The project began, Shields said, as “a course packet in the early to mid '90s. I started developing this course on the self-reflective gesture of the essay and on documentary film. It developed into this huge, big blue binder, with literally thousands of quotations—all from people talking about the glory of the essay form.”

The book is a transitional text,” he continued, “one that has one foot in the digital world and one foot right there in traditional book culture. For readers, there [if the book were digitized] would be an open-source site in which readers would fill in the citations and when you got the citations correct the text would turn red or something.” A clear hint at Shields' okayness with the idea of using New Media within the Nonfiction genre. “The conventional novel,” he said, “the literary novel, is no longer congruent with contemporary life,” mostly because “we're obsessed with reality because we experience hardly any of it.
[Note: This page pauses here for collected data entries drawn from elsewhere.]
(* Let $\boldsymbol{W}=(w_{ir})\in\mathbb{R}^{n\times n}$ be nonnegative, primitive and doubly stochastic, with $\lambda:=\|\boldsymbol{W}-\mathbf{1}_n\mathbf{1}_n^\top/n\|_2<1$. For any realization of the iterates of GT-NSGDm (described in the context) with step size $\alpha>0$, and $\bar{\boldsymbol{x}}^t=\frac1n\sum_i\boldsymbol{x}_i^t$, we have for all $t=0,\dots,T$: $$\frac1n\sum_{i=1}^n\|\boldsymbol{x}_i^t-\bar{\boldsymbol{x}}^t\|\le\frac{\alpha\lambda}{1-\lambda}.$$
   Context: Algorithm GT-NSGDm (run in parallel at every node $i$, with local functions $f_i$ and stochastic gradients $\boldsymbol{g}_i(\boldsymbol{x},\boldsymbol{\xi})$): initialize $\boldsymbol{x}_i^{-1}=\boldsymbol{x}_i^0=\bar{\boldsymbol{x}}^0$ (a common point) and $\boldsymbol{v}_i^{-1}=\boldsymbol{y}_i^{-1}=\mathbf{0}_d$. For $t=0,\dots,T-1$: sample $\boldsymbol{\xi}_i^t$; set $\boldsymbol{v}_i^t=\beta\boldsymbol{v}_i^{t-1}+(1-\beta)\boldsymbol{g}_i(\boldsymbol{x}_i^t,\boldsymbol{\xi}_i^t)$; $\boldsymbol{y}_i^t=\sum_{r=1}^n w_{ir}(\boldsymbol{y}_r^{t-1}+\boldsymbol{v}_r^t-\boldsymbol{v}_r^{t-1})$; $\boldsymbol{x}_i^{t+1}=\sum_{r=1}^n w_{ir}\big(\boldsymbol{x}_r^t-\alpha\,\boldsymbol{y}_r^t/\|\boldsymbol{y}_r^t\|\big)$. *)

theory Defs
  imports "HOL-Analysis.Analysis"
begin

(* Matrices over a finite index type 'n (the n nodes), n = CARD('n). *)

fun mat_pow :: "real^'n^'n \<Rightarrow> nat \<Rightarrow> real^'n^'n" where
  "mat_pow W 0 = mat 1"
| "mat_pow W (Suc k) = W ** mat_pow W k"

definition nonneg_matrix :: "real^'n^'n \<Rightarrow> bool" where
  "nonneg_matrix W \<longleftrightarrow> (\<forall>i j. 0 \<le> W $ i $ j)"

definition primitive_matrix :: "real^'n^'n \<Rightarrow> bool" where
  "primitive_matrix W \<longleftrightarrow> (\<exists>k. \<forall>i j. 0 < mat_pow W k $ i $ j)"

definition doubly_stochastic :: "real^'n^'n \<Rightarrow> bool" where
  "doubly_stochastic W \<longleftrightarrow>
     (\<forall>i j. 0 \<le> W $ i $ j) \<and> (\<forall>i. (\<Sum>j\<in>UNIV. W $ i $ j) = 1) \<and> (\<forall>j. (\<Sum>i\<in>UNIV. W $ i $ j) = 1)"

definition avg_matrix :: "real^'n^'n" where
  "avg_matrix = (\<chi> i j. 1 / real CARD('n))"

(* spectral norm ||W - 1 1^T/n||_2 = operator norm w.r.t. the Euclidean norm *)
definition mixing_rate :: "real^'n^'n \<Rightarrow> real" where
  "mixing_rate W = onorm (\<lambda>z. (W - avg_matrix) *v z)"

(* normalized vector y/||y|| (convention: 0 when y = 0, since inverse 0 = 0) *)
definition normalize :: "real^'d \<Rightarrow> real^'d" where
  "normalize y = (1 / norm y) *\<^sub>R y"

end

theory Submission
  imports Defs
begin

text \<open>
  Stack the iterates of the n nodes into one vector and let J = 1 1^T / n. Since W is doubly
  stochastic, the consensus error e^t = x^t - J x^t obeys e^(t+1) = (W - J)(e^t - alpha d^t),
  where d^t stacks the normalized directions y_i^t / |y_i^t|. Each of these has norm at most 1,
  so |d^t| <= sqrt n in the stacked (Frobenius) norm, and therefore
  |e^(t+1)| <= lambda |e^t| + alpha lambda sqrt n. As e^0 = 0, this affine recursion keeps
  |e^t| below its fixed point alpha lambda sqrt n / (1 - lambda), and Cauchy-Schwarz turns
  this into the bound on the mean error. Nothing else is used about the directions.
\<close>

text \<open>\<open>mix W u\<close> is the gossip step \<open>(W \<otimes> I) u\<close> on stacked node vectors \<open>u\<close>.\<close>

definition mix :: "real^'n^'m \<Rightarrow> 'a^'n \<Rightarrow> 'a::real_vector^'m" where
  "mix M u = (\<chi> i. \<Sum>r\<in>UNIV. M $ i $ r *\<^sub>R u $ r)"

definition average :: "'a::real_vector^'n \<Rightarrow> 'a" where
  "average u = (1 / real CARD('n)) *\<^sub>R (\<Sum>j\<in>UNIV. u $ j)"

definition deviation :: "'a::real_vector^'n \<Rightarrow> 'a^'n" where
  "deviation u = u - (\<chi> i. average u)"

lemma power2_norm_vec: "(norm u)\<^sup>2 = (\<Sum>i\<in>UNIV. (norm (u $ i))\<^sup>2)"
  by (simp add: norm_vec_def L2_set_def sum_nonneg)

lemma power2_norm_euclidean:
  fixes x :: "'a::euclidean_space"
  shows "(norm x)\<^sup>2 = (\<Sum>b\<in>Basis. (x \<bullet> b)\<^sup>2)"
  unfolding power2_norm_eq_inner by (subst euclidean_inner) (simp add: power2_eq_square)

lemma norm_mix_le:
  fixes M :: "real^'n^'m" and u :: "'a::euclidean_space^'n"
  shows "norm (mix M u) \<le> onorm (\<lambda>z. M *v z) * norm u"
proof -
  define L where "L = onorm (\<lambda>z. M *v z)"
  define c where "c b = (\<chi> r. u $ r \<bullet> b)" for b
  have comp: "mix M u $ i \<bullet> b = (M *v c b) $ i" for i b
    by (simp add: mix_def matrix_vector_mult_def c_def inner_sum_left)
  have "(norm (mix M u))\<^sup>2 = (\<Sum>i\<in>UNIV. \<Sum>b\<in>Basis. ((M *v c b) $ i)\<^sup>2)"
    by (simp only: power2_norm_vec power2_norm_euclidean[of "mix M u $ _"] comp)
  also have "\<dots> = (\<Sum>b\<in>Basis. (norm (M *v c b))\<^sup>2)"
    by (subst sum.swap) (simp only: power2_norm_vec real_norm_def power2_abs)
  also have "\<dots> \<le> (\<Sum>b\<in>Basis. (L * norm (c b))\<^sup>2)"
    by (intro sum_mono power_mono) (simp_all add: L_def onorm)
  also have "\<dots> = L\<^sup>2 * (\<Sum>b\<in>Basis. \<Sum>r\<in>UNIV. (u $ r \<bullet> b)\<^sup>2)"
    by (simp only: power_mult_distrib sum_distrib_left power2_norm_vec c_def vec_lambda_beta
        real_norm_def power2_abs)
  also have "\<dots> = L\<^sup>2 * (norm u)\<^sup>2"
    by (subst sum.swap) (simp only: power2_norm_vec power2_norm_euclidean[of "u $ _"])
  finally have "(norm (mix M u))\<^sup>2 \<le> (L * norm u)\<^sup>2"
    by (simp add: power_mult_distrib)
  then have "norm (mix M u) \<le> L * norm u"
    by (rule power2_le_imp_le) (simp add: L_def onorm_pos_le)
  then show ?thesis by (simp only: L_def)
qed

lemma average_const [simp]: "average (\<chi> i. c :: 'a::real_vector^'n) = c"
  by (simp add: average_def sum_constant_scaleR)

lemma deviation_const [simp]: "deviation (\<chi> i. c :: 'a::real_vector^'n) = 0"
  by (simp add: deviation_def)

lemma mix_diff: "mix M (u - w) = mix M u - mix M w"
  by (simp add: mix_def vec_eq_iff scaleR_diff_right sum_subtractf)

lemma mix_minus_avg_matrix:
  fixes W :: "real^'n^'n"
  shows "mix (W - avg_matrix) u = mix W u - (\<chi> i. average u)"
proof -
  have "mix (W - avg_matrix) u $ i = mix W u $ i - average u" for i
  proof -
    have "mix (W - avg_matrix) u $ i = (\<Sum>r\<in>UNIV. W $ i $ r *\<^sub>R u $ r - (1 / real CARD('n)) *\<^sub>R u $ r)"
      by (simp add: mix_def avg_matrix_def scaleR_diff_left)
    also have "\<dots> = mix W u $ i - average u"
      by (simp only: sum_subtractf mix_def average_def vec_lambda_beta scaleR_sum_right)
    finally show ?thesis .
  qed
  then show ?thesis by (simp add: vec_eq_iff)
qed

lemma average_mix:
  fixes W :: "real^'n^'n"
  assumes "\<And>j. (\<Sum>i\<in>UNIV. W $ i $ j) = 1"
  shows "average (mix W u) = average u"
proof -
  have "(\<Sum>i\<in>UNIV. mix W u $ i) = (\<Sum>i\<in>UNIV. \<Sum>r\<in>UNIV. W $ i $ r *\<^sub>R u $ r)"
    by (simp add: mix_def)
  also have "\<dots> = (\<Sum>r\<in>UNIV. \<Sum>i\<in>UNIV. W $ i $ r *\<^sub>R u $ r)"
    by (rule sum.swap)
  also have "\<dots> = (\<Sum>r\<in>UNIV. u $ r)"
    by (simp add: scaleR_sum_left[symmetric] assms)
  finally show ?thesis by (simp add: average_def)
qed

lemma deviation_mix:
  fixes W :: "real^'n^'n"
  assumes "\<And>j. (\<Sum>i\<in>UNIV. W $ i $ j) = 1"
  shows "deviation (mix W u) = mix (W - avg_matrix) u"
  by (simp add: deviation_def mix_minus_avg_matrix average_mix[OF assms])

lemma mix_minus_avg_matrix_const:
  fixes W :: "real^'n^'n" and c :: "'a::real_vector"
  assumes "\<And>i. (\<Sum>j\<in>UNIV. W $ i $ j) = 1"
  shows "mix (W - avg_matrix) (\<chi> i. c) = 0"
proof -
  have "mix W (\<chi> i. c) = (\<chi> i. c)"
    by (simp add: mix_def vec_eq_iff scaleR_sum_left[symmetric] assms)
  then show ?thesis by (simp add: mix_minus_avg_matrix)
qed

lemma sum_norm_le_sqrt_card_mult_norm:
  fixes u :: "'a::real_normed_vector^'n"
  shows "(\<Sum>i\<in>UNIV. norm (u $ i)) \<le> sqrt (real CARD('n)) * norm u"
proof -
  have "(\<Sum>i\<in>UNIV. norm (u $ i))\<^sup>2 \<le> (\<Sum>i\<in>UNIV. (norm (u $ i))\<^sup>2) * real CARD('n)"
    by (rule sum_squared_le_sum_of_squares)
  then have "(\<Sum>i\<in>UNIV. norm (u $ i))\<^sup>2 \<le> (sqrt (real CARD('n)) * norm u)\<^sup>2"
    by (simp add: power_mult_distrib power2_norm_vec mult.commute)
  then show ?thesis by (rule power2_le_imp_le) simp
qed

lemma mean_norm_le_norm_div_sqrt_card:
  fixes u :: "'a::real_normed_vector^'n"
  shows "(1 / real CARD('n)) * (\<Sum>i\<in>UNIV. norm (u $ i)) \<le> norm u / sqrt (real CARD('n))"
proof -
  have "(1 / real CARD('n)) * (\<Sum>i\<in>UNIV. norm (u $ i))
      \<le> (1 / real CARD('n)) * (sqrt (real CARD('n)) * norm u)"
    by (rule mult_left_mono[OF sum_norm_le_sqrt_card_mult_norm]) simp
  also have "\<dots> = norm u / sqrt (real CARD('n))"
    by (simp add: field_simps real_sqrt_mult_self flip: real_sqrt_mult)
  finally show ?thesis .
qed

lemma norm_le_sqrt_card_mult:
  fixes u :: "'a::real_normed_vector^'n"
  assumes "\<And>i. norm (u $ i) \<le> c"
  shows "norm u \<le> sqrt (real CARD('n)) * c"
proof -
  have "norm u \<le> L2_set (\<lambda>i. c) (UNIV :: 'n set)"
    unfolding norm_vec_def by (rule L2_set_mono) (simp_all add: assms)
  moreover have "0 \<le> c" using assms order_trans[OF norm_ge_zero] by blast
  ultimately show ?thesis by (simp add: L2_set_constant)
qed

lemma affine_recursion_le_fixpoint:
  fixes a :: "nat \<Rightarrow> real"
  assumes "0 \<le> q" "q < 1" "a 0 \<le> c / (1 - q)"
    and "\<And>t. t < T \<Longrightarrow> a (Suc t) \<le> q * a t + c"
  shows "t \<le> T \<Longrightarrow> a t \<le> c / (1 - q)"
proof (induction t)
  case 0
  show ?case by (fact assms(3))
next
  case (Suc t)
  have "a (Suc t) \<le> q * a t + c"
    using assms(4) Suc.prems by simp
  also have "\<dots> \<le> q * (c / (1 - q)) + c"
    using Suc assms(1) by (intro add_right_mono mult_left_mono) simp_all
  also have "\<dots> = c / (1 - q)"
    using assms(2) by (simp add: field_simps)
  finally show ?case .
qed

lemma norm_deviation_le:
  fixes W :: "real^'n^'n" and X D :: "nat \<Rightarrow> 'a::euclidean_space^'n"
  assumes rows: "\<And>i. (\<Sum>j\<in>UNIV. W $ i $ j) = 1"
    and cols: "\<And>j. (\<Sum>i\<in>UNIV. W $ i $ j) = 1"
    and rate: "mixing_rate W < 1" and alpha: "0 \<le> \<alpha>"
    and X0: "deviation (X 0) = 0"
    and D: "\<And>t i. t < T \<Longrightarrow> norm (D t $ i) \<le> 1"
    and X_step: "\<And>t. t < T \<Longrightarrow> X (Suc t) = mix W (X t - \<alpha> *\<^sub>R D t)"
    and "t \<le> T"
  shows "norm (deviation (X t)) \<le> \<alpha> * mixing_rate W * sqrt (real CARD('n)) / (1 - mixing_rate W)"
proof -
  define M where "M = W - avg_matrix"
  define lam where "lam = mixing_rate W"
  have lam_onorm: "lam = onorm (\<lambda>z. M *v z)"
    unfolding lam_def mixing_rate_def M_def ..
  have lam_nonneg: "0 \<le> lam"
    unfolding lam_onorm by (rule onorm_pos_le) simp
  have deviation_step: "deviation (X (Suc t)) = mix M (deviation (X t) - \<alpha> *\<^sub>R D t)"
    if "t < T" for t
  proof -
    have "deviation (X (Suc t)) = mix M (X t - \<alpha> *\<^sub>R D t)"
      unfolding X_step[OF that] M_def by (rule deviation_mix[OF cols])
    also have "\<dots> = mix M ((X t - \<alpha> *\<^sub>R D t) - (\<chi> i. average (X t)))"
      unfolding mix_diff M_def mix_minus_avg_matrix_const[OF rows] by simp
    also have "(X t - \<alpha> *\<^sub>R D t) - (\<chi> i. average (X t)) = deviation (X t) - \<alpha> *\<^sub>R D t"
      by (simp add: deviation_def)
    finally show ?thesis .
  qed
  have contraction:
    "norm (deviation (X (Suc t))) \<le> lam * norm (deviation (X t)) + \<alpha> * lam * sqrt (real CARD('n))"
    if "t < T" for t
  proof -
    have "norm (deviation (X (Suc t))) \<le> lam * norm (deviation (X t) - \<alpha> *\<^sub>R D t)"
      unfolding deviation_step[OF that] lam_onorm by (rule norm_mix_le)
    also have "\<dots> \<le> lam * (norm (deviation (X t)) + \<alpha> * norm (D t))"
      using norm_triangle_ineq4[of "deviation (X t)" "\<alpha> *\<^sub>R D t"] alpha lam_nonneg
      by (intro mult_left_mono) simp_all
    also have "\<dots> \<le> lam * (norm (deviation (X t)) + \<alpha> * sqrt (real CARD('n)))"
      using norm_le_sqrt_card_mult[of "D t" 1] D[OF that] alpha lam_nonneg
      by (intro mult_left_mono add_left_mono) simp_all
    finally show ?thesis by (simp add: algebra_simps)
  qed
  have lam_lt_1: "lam < 1"
    using rate by (simp add: lam_def)
  have start: "norm (deviation (X 0)) \<le> \<alpha> * lam * sqrt (real CARD('n)) / (1 - lam)"
    using X0 alpha lam_nonneg lam_lt_1 by simp
  have "norm (deviation (X t)) \<le> \<alpha> * lam * sqrt (real CARD('n)) / (1 - lam)"
    by (rule affine_recursion_le_fixpoint[where a = "\<lambda>t. norm (deviation (X t))",
          OF lam_nonneg lam_lt_1 start contraction \<open>t \<le> T\<close>])
  then show ?thesis by (simp add: lam_def)
qed

theorem lemma4:
  fixes W :: "real^'n^'n"
    and g :: "'n \<Rightarrow> real^'d \<Rightarrow> 'xi \<Rightarrow> real^'d"
    and \<xi> :: "nat \<Rightarrow> 'n \<Rightarrow> 'xi"
    and x v y :: "nat \<Rightarrow> 'n \<Rightarrow> real^'d"
    and x0 :: "real^'d"
    and \<alpha> \<beta> :: real and T :: nat
  assumes nonneg: "nonneg_matrix W"
    and prim: "primitive_matrix W"
    and ds: "doubly_stochastic W"
    and lam: "mixing_rate W < 1"
    and alpha: "\<alpha> > 0"
    and beta: "0 \<le> \<beta>" "\<beta> < 1"
    and x_init: "\<And>i. x 0 i = x0"
    and v_init: "\<And>i. v 0 i = (1 - \<beta>) *\<^sub>R g i (x 0 i) (\<xi> 0 i)"
    and v_step: "\<And>t i. Suc t < T \<Longrightarrow>
        v (Suc t) i = \<beta> *\<^sub>R v t i + (1 - \<beta>) *\<^sub>R g i (x (Suc t) i) (\<xi> (Suc t) i)"
    and y_init: "\<And>i. y 0 i = (\<Sum>r\<in>UNIV. W $ i $ r *\<^sub>R v 0 r)"
    and y_step: "\<And>t i. Suc t < T \<Longrightarrow>
        y (Suc t) i = (\<Sum>r\<in>UNIV. W $ i $ r *\<^sub>R (y t r + v (Suc t) r - v t r))"
    and x_step: "\<And>t i. t < T \<Longrightarrow>
        x (Suc t) i = (\<Sum>r\<in>UNIV. W $ i $ r *\<^sub>R (x t r - \<alpha> *\<^sub>R normalize (y t r)))"
  shows "\<forall>t \<le> T.
     (1 / real CARD('n)) * (\<Sum>i\<in>UNIV. norm (x t i - (1 / real CARD('n)) *\<^sub>R (\<Sum>j\<in>UNIV. x t j)))
       \<le> \<alpha> * mixing_rate W / (1 - mixing_rate W)"
proof (intro allI impI)
  fix t assume "t \<le> T"
  define n where "n = real CARD('n)"
  define X where "X t = (\<chi> i. x t i)" for t
  define D where "D t = (\<chi> i. normalize (y t i))" for t
  have rows: "\<And>i. (\<Sum>j\<in>UNIV. W $ i $ j) = 1" and cols: "\<And>j. (\<Sum>i\<in>UNIV. W $ i $ j) = 1"
    using ds by (simp_all add: doubly_stochastic_def)
  have X0: "deviation (X 0) = 0"
    by (simp add: X_def x_init)
  have D: "norm (D t $ i) \<le> 1" for t i
    by (simp add: D_def normalize_def)
  have X_step: "X (Suc t) = mix W (X t - \<alpha> *\<^sub>R D t)" if "t < T" for t
    by (simp add: X_def D_def mix_def vec_eq_iff x_step[OF that])
  have bound: "norm (deviation (X t)) \<le> \<alpha> * mixing_rate W * sqrt n / (1 - mixing_rate W)"
    unfolding n_def
    by (rule norm_deviation_le[where X = X and D = D,
          OF rows cols lam less_imp_le[OF alpha] X0 D X_step \<open>t \<le> T\<close>])
  have "(1 / n) * (\<Sum>i\<in>UNIV. norm (x t i - (1 / n) *\<^sub>R (\<Sum>j\<in>UNIV. x t j)))
      \<le> norm (deviation (X t)) / sqrt n"
    using mean_norm_le_norm_div_sqrt_card[of "deviation (X t)"]
    by (simp add: n_def X_def deviation_def average_def)
  also have "\<dots> \<le> (\<alpha> * mixing_rate W * sqrt n / (1 - mixing_rate W)) / sqrt n"
    by (rule divide_right_mono[OF bound]) (simp add: n_def)
  also have "\<dots> = \<alpha> * mixing_rate W / (1 - mixing_rate W)"
    by (simp add: n_def)
  finally show "(1 / real CARD('n)) * (\<Sum>i\<in>UNIV. norm (x t i - (1 / real CARD('n)) *\<^sub>R (\<Sum>j\<in>UNIV. x t j)))
       \<le> \<alpha> * mixing_rate W / (1 - mixing_rate W)"
    unfolding n_def .
qed

end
As a result we're pretty numb, pretty bored, and we crave the real.”

And Shields, as always, has left us with poignant thought. “Great art is clear thinking about mixed feelings,” he said, pulling an already-attentive audience even closer. And he takes his bow and wraps everything up nicely with a paraphrased thought from the late David Foster Wallace: “We're existentially alone on the planet. I can't know what you're thinking and feeling, and you can't know what I'm thinking and feeling. The very best work constructs a bridge across the abyss of human loneliness.”